Five of ten provincial governments – New Brunswick, Prince Edward Island, Quebec, Ontario, and British Columbia – are considering changes to the way in which votes cast during provincial elections are translated into seats in their provincial legislatures. Federally, the Law Commission of Canada has recommended specific changes to the electoral system. This article considers one possible consequence of major electoral reform – the more frequent occurrence of minority or coalition government – and suggests a need to rethink certain traditional Canadian conventions of responsible government, namely the virtual right of Canadian prime ministers and premiers to dissolve the legislature and call elections when they see fit, even after their governments have lost the confidence of the legislature. It recommends new protocols to govern the respective powers of first ministers and governors general or lieutenant governors in the operation of responsible government.

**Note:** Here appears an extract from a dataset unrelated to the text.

(* Let $G=(V,E,\omega)\in\mathcal{G}$ and $\gamma\geq 0$. Let $\{\tau_k\}_{k\in\mathbb{N}}$ be a sequence of positive real numbers with $\tau_k\to0$ as $k\to\infty$, and let $\{u_k\}_{k\in\mathbb{N}}\subset\mathcal K$ be a sequence for which there is $C>0$ such that $\tilde J_{\tau_k}(u_k)\leq C$ for all $k\in\mathbb{N}$. Then there exist a subsequence $\{u_{k_l}\}_{l\in\mathbb{N}}$ and $u\in\mathcal V^b$ such that $u_{k_l}\to u$ as $l\to\infty$.
   Context: $\mathcal{G}$ is the set of finite, simple, connected, undirected, edge-weighted graphs $G=(V,E,\omega)$ with $V=\{1,\dots,n\}$, $n\geq 2$, weights $\omega_{ij}=\omega_{ji}>0$ for $(i,j)\in E$ and $\omega_{ij}=0$ otherwise. Degrees $d_i=\sum_j\omega_{ij}$. $\mathcal V$: functions $u:V\to\mathbb R$. Fixed $r\in[0,1]$; $\langle u,v\rangle_{\mathcal V}=\sum_i d_i^r u_iv_i$. $(\Delta u)_i=d_i^{-r}\sum_j\omega_{ij}(u_i-u_j)$. $\chi_S$ indicator of $S$. $\mathcal M(u)=\sum_i d_i^ru_i$, $\mathcal A(u)=\frac{\mathcal M(u)}{\sum_i d_i^r}\chi_V$. For $u\in\mathcal V$ let $\varphi$ be the unique solution of $\Delta\varphi=u-\mathcal A(u)$, $\mathcal M(\varphi)=0$, and $Lu:=\Delta u+\gamma\varphi$; $e^{-\tau L}$ its exponential. $\mathcal V^b$: $\{0,1\}$-valued functions; $\mathcal K$: $[0,1]$-valued functions. For $\tau>0$, $\tilde J_\tau(u)=\frac1\tau\langle\chi_V-u,e^{-\tau L}u\rangle_{\mathcal V}$ for $u\in\mathcal K$. Convergence in $\mathcal V$ is in the norm induced by $\langle\cdot,\cdot\rangle_{\mathcal V}$. *)

theory Defs
  imports "HOL-Analysis.Analysis"
begin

The prospect of greater frequency of single-party minority governments (or coalition-party majority governments which are more susceptible to collapse into a single-party minority government than are single-party majority governments) demands a reconsideration of the virtual right of a first minister to call an election when her or his government is defeated on a vote of confidence in the legislature. Under the constitution, a prime minister or premier merely advises the Crown (the Governor General or Lieutenant Governor) to dissolve the House and thereby call an election. No constitutional expert denies that the Crown in Canada possesses a residual power to deny a first minister’s request for dissolution. Yet, as the tradition has evolved in Canada, the first minister has assumed a virtual right to dissolution, even when their government is defeated in the legislature on a matter of confidence. There is one major exception to this right, but, even in this circumstance, unfortunately, there is an entirely unsatisfactory degree of uncertainty about what the Crown should do in granting or refusing dissolution.

At a time when most Canadian governments are addressing the so-called “democratic deficit”,1 a deficit that is partly due to a perceived excessive concentration of power in first ministers, the issue of a first minister’s prerogative to call an election following a defeat in the legislature has not yet been addressed in the agenda of democratic reform that is now in fashion in several jurisdictions. Indeed, the one remedy to check the perceived excess of power vested in first ministers to call elections, namely the proposal to legislate fixed election dates, is amazingly silent on this most critical issue.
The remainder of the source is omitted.